Owen Matthews Owen Matthews

Russia’s puritan revolution

Russia is being presented as a moral fortress against gays and pornography

issue 01 October 2016

Last weekend a group of young activists turned out on a Moscow street to protest against western decadence. They were a hard-faced bunch, standing defiantly in military poses and wearing uniforms bearing the logo ‘Officers of Russia: Executive Youth Wing’ as they blocked access to an exhibition by American photographer Jock Sturges that featured images of nude adolescents.

‘We are here to protect people from paedo-philic influences,’ one Officer of Russia told journalists — while another protester sprayed the offending photographs with urine. At the same time, Russia’s state–controlled airwaves filled with senators, priests and government officials denouncing the wickedness of the exhibition (which shut down immediately after the protests) and calling for the organisers to be prosecuted. The outcry came just days after the Russian government banned two popular porno-graphy sites, youporn and xhamster, also on the grounds of protecting public morality.

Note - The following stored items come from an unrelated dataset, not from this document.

(* Let $p_1\le p_2\le\dots\le p_m$ be a probability distribution on $m$ urns, and let $C$ be the number of balls thrown independently into the urns according to this distribution until every urn contains at least one ball. Then, for large values of $m$, \[ \frac{1}{p_1}\le E[C]\le 2\,H_m\,\frac{1}{p_1}, \] where $H_m=\sum_{j=1}^m 1/j$. *)

theory Defs
  imports "HOL-Probability.Probability"
begin

text \<open>Urns are numbered 0,...,m-1 (urn i+1 of the paper is urn i here).\<close>

definition all_covered :: "nat \<Rightarrow> nat stream \<Rightarrow> nat \<Rightarrow> bool" where
  "all_covered m \<omega> n \<longleftrightarrow> (\<forall>i<m. \<exists>k<n. \<omega> !! k = i)"

definition cover_time :: "nat \<Rightarrow> nat stream \<Rightarrow> ennreal" where
  "cover_time m \<omega> =
     (if \<exists>n. all_covered m \<omega> n then of_nat (LEAST n. all_covered m \<omega> n) else \<infinity>)"

definition expected_cover_time :: "nat \<Rightarrow> nat pmf \<Rightarrow> ennreal" where
  "expected_cover_time m P =
     (\<integral>\<^sup>+ \<omega>. cover_time m \<omega> \<partial>stream_space (measure_pmf P))"

end

theory Submission
  imports Defs
begin

text \<open>Urn i is still empty after n throws with probability (1 - p_i)^n. Since urn 1 must be
  filled, E[C] = \<Sum>_n Pr[C > n] \<ge> \<Sum>_n (1 - p_1)^n = 1/p_1. Conversely, by the union bound
  Pr[C > n] \<le> m (1 - p_1)^n, which is at most 1 once n \<ge> N = \<lceil>ln m / p_1\<rceil> and then decays
  geometrically; hence E[C] \<le> N + 1/p_1 \<le> (ln m + 2)/p_1 \<le> 2 H_m / p_1 as soon as ln m \<ge> 2.\<close>

abbreviation throws :: "'a pmf \<Rightarrow> 'a stream measure" where
  "throws P \<equiv> stream_space (measure_pmf P)"

lemma prob_space_throws: "prob_space (throws P)"
  by (rule prob_space.prob_space_stream_space[OF prob_space_measure_pmf])

lemma sets_urn_empty: "{\<omega>. \<forall>k<n. \<omega> !! k \<noteq> i} \<in> sets (throws P)"
proof -
  have "Measurable.pred (throws P) (\<lambda>\<omega>. \<forall>k<n. \<omega> !! k \<noteq> i)"
    by measurable
  then show ?thesis
    by (simp add: pred_def space_stream_space)
qed

lemma sets_not_covered: "{\<omega>. \<not> all_covered m \<omega> n} \<in> sets (throws P)"
proof -
  have "Measurable.pred (throws P) (\<lambda>\<omega>. \<not> all_covered m \<omega> n)"
    unfolding all_covered_def by measurable
  then show ?thesis
    by (simp add: pred_def space_stream_space)
qed

lemma emeasure_urn_empty:
  "emeasure (throws P) {\<omega>. \<forall>k<n. \<omega> !! k \<noteq> i} = ennreal ((1 - pmf P i) ^ n)"
proof (induction n)
  case 0
  interpret prob_space "throws P"
    by (rule prob_space_throws)
  show ?case
    using emeasure_space_1 by (simp add: space_stream_space)
next
  case (Suc n)
  have miss: "emeasure (measure_pmf P) (UNIV - {i}) = ennreal (1 - pmf P i)"
    using measure_pmf.prob_compl[of "{i}" P]
    by (simp add: measure_pmf.emeasure_eq_measure measure_pmf_single)
  have first_throw: "{\<omega> \<in> space (throws P). t ## \<omega> \<in> {\<omega>. \<forall>k<Suc n. \<omega> !! k \<noteq> i}}
      = (if t = i then {} else {\<omega>. \<forall>k<n. \<omega> !! k \<noteq> i})" for t
    by (auto simp: space_stream_space All_less_Suc2)
  have "emeasure (throws P) {\<omega>. \<forall>k<Suc n. \<omega> !! k \<noteq> i}
      = (\<integral>\<^sup>+t. emeasure (throws P)
           {\<omega> \<in> space (throws P). t ## \<omega> \<in> {\<omega>. \<forall>k<Suc n. \<omega> !! k \<noteq> i}} \<partial>measure_pmf P)"
    by (rule prob_space.emeasure_stream_space[OF prob_space_measure_pmf sets_urn_empty])
  also have "\<dots> = (\<integral>\<^sup>+t. indicator (UNIV - {i}) t * ennreal ((1 - pmf P i) ^ n) \<partial>measure_pmf P)"
    unfolding first_throw using Suc by (intro nn_integral_cong) simp
  also have "\<dots> = ennreal (1 - pmf P i) * ennreal ((1 - pmf P i) ^ n)"
    by (simp add: nn_integral_multc miss)
  also have "\<dots> = ennreal ((1 - pmf P i) ^ Suc n)"
    by (simp add: ennreal_mult[symmetric] pmf_le_1)
  finally show ?case .
qed

lemma all_covered_mono: "all_covered m \<omega> n \<Longrightarrow> n \<le> n' \<Longrightarrow> all_covered m \<omega> n'"
  unfolding all_covered_def by (meson less_le_trans)

lemma cover_time_eq_suminf: "cover_time m \<omega> = (\<Sum>n. indicator {\<omega>. \<not> all_covered m \<omega> n} \<omega>)"
proof (cases "\<exists>n. all_covered m \<omega> n")
  case True
  define L where "L = (LEAST n. all_covered m \<omega> n)"
  have "all_covered m \<omega> L"
    unfolding L_def using True by (rule LeastI_ex)
  then have "indicator {\<omega>. \<not> all_covered m \<omega> n} \<omega> = (if n \<in> {..<L} then 1 else (0::ennreal))" for n
    using not_less_Least[of n "all_covered m \<omega>"] all_covered_mono[of m \<omega> L n]
    by (auto simp: indicator_def L_def)
  then have "(\<Sum>n. indicator {\<omega>. \<not> all_covered m \<omega> n} \<omega>) = (\<Sum>n<L. (1::ennreal))"
    by (subst suminf_finite[of "{..<L}"]) auto
  then show ?thesis
    using True by (simp add: cover_time_def L_def)
next
  case False
  then show ?thesis
    by (simp add: cover_time_def suminf_eq_SUP ennreal_SUP_of_nat_eq_top)
qed

lemma expected_cover_time_eq_suminf:
  "expected_cover_time m P = (\<Sum>n. emeasure (throws P) {\<omega>. \<not> all_covered m \<omega> n})"
proof -
  have "expected_cover_time m P
      = (\<integral>\<^sup>+\<omega>. (\<Sum>n. indicator {\<omega>. \<not> all_covered m \<omega> n} \<omega>) \<partial>throws P)"
    unfolding expected_cover_time_def cover_time_eq_suminf ..
  also have "\<dots> = (\<Sum>n. \<integral>\<^sup>+\<omega>. indicator {\<omega>. \<not> all_covered m \<omega> n} \<omega> \<partial>throws P)"
    using sets_not_covered by (intro nn_integral_suminf) auto
  finally show ?thesis
    using sets_not_covered by simp
qed

lemma expected_cover_time_ge:
  assumes "i < m"
  shows "ennreal (1 / pmf P i) \<le> expected_cover_time m P"
proof (cases "pmf P i = 0")
  case False
  then have q: "0 \<le> 1 - pmf P i" "1 - pmf P i < 1"
    using pmf_le_1[of P i] by (auto simp: pmf_nonneg order.strict_iff_order)
  have "ennreal (1 / pmf P i) = (\<Sum>n. ennreal ((1 - pmf P i) ^ n))"
    using q by (simp add: suminf_ennreal2 suminf_geometric)
  also have "\<dots> \<le> (\<Sum>n. emeasure (throws P) {\<omega>. \<not> all_covered m \<omega> n})"
  proof (intro suminf_le summableI)
    fix n
    have "{\<omega>. \<forall>k<n. \<omega> !! k \<noteq> i} \<subseteq> {\<omega>. \<not> all_covered m \<omega> n}"
      using assms by (auto simp: all_covered_def)
    then show "ennreal ((1 - pmf P i) ^ n) \<le> emeasure (throws P) {\<omega>. \<not> all_covered m \<omega> n}"
      unfolding emeasure_urn_empty[symmetric] by (intro emeasure_mono sets_not_covered)
  qed
  finally show ?thesis
    by (simp add: expected_cover_time_eq_suminf)
qed simp

lemma emeasure_not_covered_le:
  assumes "\<forall>i<m. p \<le> pmf P i"
  shows "emeasure (throws P) {\<omega>. \<not> all_covered m \<omega> n} \<le> ennreal (real m * (1 - p) ^ n)"
proof -
  have p: "m \<noteq> 0 \<Longrightarrow> 0 \<le> 1 - p"
    using assms pmf_le_1[of P 0] by auto
  have "emeasure (throws P) {\<omega>. \<not> all_covered m \<omega> n}
      \<le> emeasure (throws P) (\<Union>i<m. {\<omega>. \<forall>k<n. \<omega> !! k \<noteq> i})"
    by (intro emeasure_mono) (auto simp: all_covered_def intro: sets_urn_empty)
  also have "\<dots> \<le> (\<Sum>i<m. emeasure (throws P) {\<omega>. \<forall>k<n. \<omega> !! k \<noteq> i})"
    by (intro emeasure_subadditive_finite) (auto intro: sets_urn_empty)
  also have "\<dots> \<le> (\<Sum>i<m. ennreal ((1 - p) ^ n))"
    unfolding emeasure_urn_empty
    using assms pmf_le_1 by (intro sum_mono ennreal_leI power_mono) auto
  also have "\<dots> = ennreal (real m * (1 - p) ^ n)"
    using p by (cases "m = 0") (simp_all add: ennreal_of_nat_eq_real_of_nat ennreal_mult)
  finally show ?thesis .
qed

lemma delayed_geometric_sums:
  fixes q :: real
  assumes "\<bar>q\<bar> < 1"
  shows "(\<lambda>n. if n < N then 1 else q ^ (n - N)) sums (real N + 1 / (1 - q))"
  using sums_iff_shift[of "\<lambda>n. if n < N then 1 else q ^ (n - N)" N] geometric_sums[of q] assms
  by (simp add: add.commute)

lemma expected_cover_time_le:
  assumes p: "0 < p" "\<forall>i<m. p \<le> pmf P i"
      and horizon: "real m * (1 - p) ^ N \<le> 1"
  shows "expected_cover_time m P \<le> ennreal (real N + 1 / p)"
proof (cases "m = 0")
  case True
  then show ?thesis
    by (simp add: expected_cover_time_eq_suminf all_covered_def)
next
  case False
  then have q: "0 \<le> 1 - p" "1 - p < 1"
    using p pmf_le_1[of P 0] by auto
  define b where "b n = (if n < N then 1 else (1 - p) ^ (n - N))" for n
  have b: "b sums (real N + 1 / p)"
    using delayed_geometric_sums[of "1 - p" N] q unfolding b_def by simp
  have "emeasure (throws P) {\<omega>. \<not> all_covered m \<omega> n} \<le> ennreal (b n)" for n
  proof (cases "n < N")
    case True
    interpret prob_space "throws P"
      by (rule prob_space_throws)
    show ?thesis
      using True emeasure_le_1 by (simp add: b_def)
  next
    case False
    have "real m * (1 - p) ^ n = real m * (1 - p) ^ N * (1 - p) ^ (n - N)"
      using False by (simp flip: power_add)
    also have "\<dots> \<le> b n"
      using False horizon q by (simp add: b_def mult_left_le_one_le)
    finally show ?thesis
      using emeasure_not_covered_le[OF p(2), of n] order.trans ennreal_leI by blast
  qed
  then have "expected_cover_time m P \<le> (\<Sum>n. ennreal (b n))"
    unfolding expected_cover_time_eq_suminf by (intro suminf_le summableI)
  also have "\<dots> = ennreal (\<Sum>n. b n)"
    using q by (intro suminf_ennreal2 sums_summable[OF b]) (simp add: b_def)
  also have "\<dots> = ennreal (real N + 1 / p)"
    using b by (simp add: sums_unique[symmetric])
  finally show ?thesis .
qed

lemma two_le_ln: "9 \<le> x \<Longrightarrow> 2 \<le> ln (x::real)"
proof -
  assume "9 \<le> x"
  have "exp 2 = exp 1 * exp (1::real)"
    by (simp flip: exp_add)
  also have "\<dots> \<le> 3 * 3"
    using exp_le by (intro mult_mono) auto
  finally show ?thesis
    using \<open>9 \<le> x\<close> by (simp add: ln_ge_iff)
qed

lemma cover_horizon_exists:
  assumes p: "0 < p" "p \<le> 1" and m: "9 \<le> m"
  obtains N where "real m * (1 - p) ^ N \<le> 1" "real N + 1 / p \<le> 2 * harm m / p"
proof
  define N where "N = nat \<lceil>ln (real m) / p\<rceil>"
  have ln_m: "2 \<le> ln (real m)" "ln (real m) \<le> harm m"
    using two_le_ln[of "real m"] order.trans[OF _ ln_le_harm[of m]] m by auto
  have N: "ln (real m) / p \<le> real N" "real N \<le> ln (real m) / p + 1"
    using ln_m p by (auto simp: N_def)
  have "(1 - p) ^ N \<le> exp (- p) ^ N"
    using p exp_ge_add_one_self[of "-p"] by (intro power_mono) auto
  also have "\<dots> = exp (- (real N * p))"
    by (simp flip: exp_of_nat_mult)
  also have "\<dots> \<le> exp (- ln (real m))"
    using N p by (simp add: field_simps)
  finally show "real m * (1 - p) ^ N \<le> 1"
    using m by (simp add: exp_minus field_simps)
  have "(ln (real m) + 2) / p = ln (real m) / p + 2 * (1 / p)" "1 \<le> 1 / p"
    using p by (simp_all add: add_divide_distrib)
  then have "real N + 1 / p \<le> (ln (real m) + 2) / p"
    using N by linarith
  also have "\<dots> \<le> 2 * harm m / p"
    using ln_m p by (intro divide_right_mono) auto
  finally show "real N + 1 / p \<le> 2 * harm m / p" .
qed

theorem theorem8:
  "\<exists>M::nat. \<forall>m\<ge>M. \<forall>P :: nat pmf.
     set_pmf P \<subseteq> {..<m} \<and>
     (\<forall>i j. i \<le> j \<and> j < m \<longrightarrow> pmf P i \<le> pmf P j) \<and>
     pmf P 0 > 0 \<longrightarrow>
       ennreal (1 / pmf P 0) \<le> expected_cover_time m P \<and>
       expected_cover_time m P \<le> ennreal (2 * harm m / pmf P 0)"
proof (intro exI[of _ 9] allI impI conjI)
  fix m :: nat and P :: "nat pmf"
  assume m: "9 \<le> m"
  assume "set_pmf P \<subseteq> {..<m} \<and>
     (\<forall>i j. i \<le> j \<and> j < m \<longrightarrow> pmf P i \<le> pmf P j) \<and> pmf P 0 > 0"
  then have smallest: "\<forall>i<m. pmf P 0 \<le> pmf P i" and p: "0 < pmf P 0"
    by auto
  show "ennreal (1 / pmf P 0) \<le> expected_cover_time m P"
    using m by (intro expected_cover_time_ge) simp
  obtain N where "real m * (1 - pmf P 0) ^ N \<le> 1" "real N + 1 / pmf P 0 \<le> 2 * harm m / pmf P 0"
    using cover_horizon_exists[OF p pmf_le_1 m] .
  then show "expected_cover_time m P \<le> ennreal (2 * harm m / pmf P 0)"
    using expected_cover_time_le[OF p smallest] order.trans ennreal_leI by blast
qed

end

Putin’s Russia is fast becoming a very puritan place. Ever since returning to the presidency in 2012, Putin has pursued an increasingly religious-conservative ideology both at home and abroad, defining Russia as a moral fortress against sexual licence and decadence, porn and gay rights.

Putin’s puritanism has grown hand-in-hand with the personal influence of two key conservative ideologues: his personal confessor Bishop Tikhon Shevkunov and the mystical geopolitical thinker Alexander Dugin. Bishop Tikhon is one of Russia’s highest-profile critics of the decadence of the modern western world — and his Every-day Saints and the Other Stories was the best–selling Russian book of 2012, rivalled for sales only by Fifty Shades of Grey. Dugin is the chief ideologue of Eurasianism, an ideology which holds that Russia has a special historical destiny to save the world from the corrupt moral values of western capitalism.


Owen Matthews on Putin’s puritanism


The influence of the Russian Orthodox church on public life is growing fast, thanks to Kremlin patronage.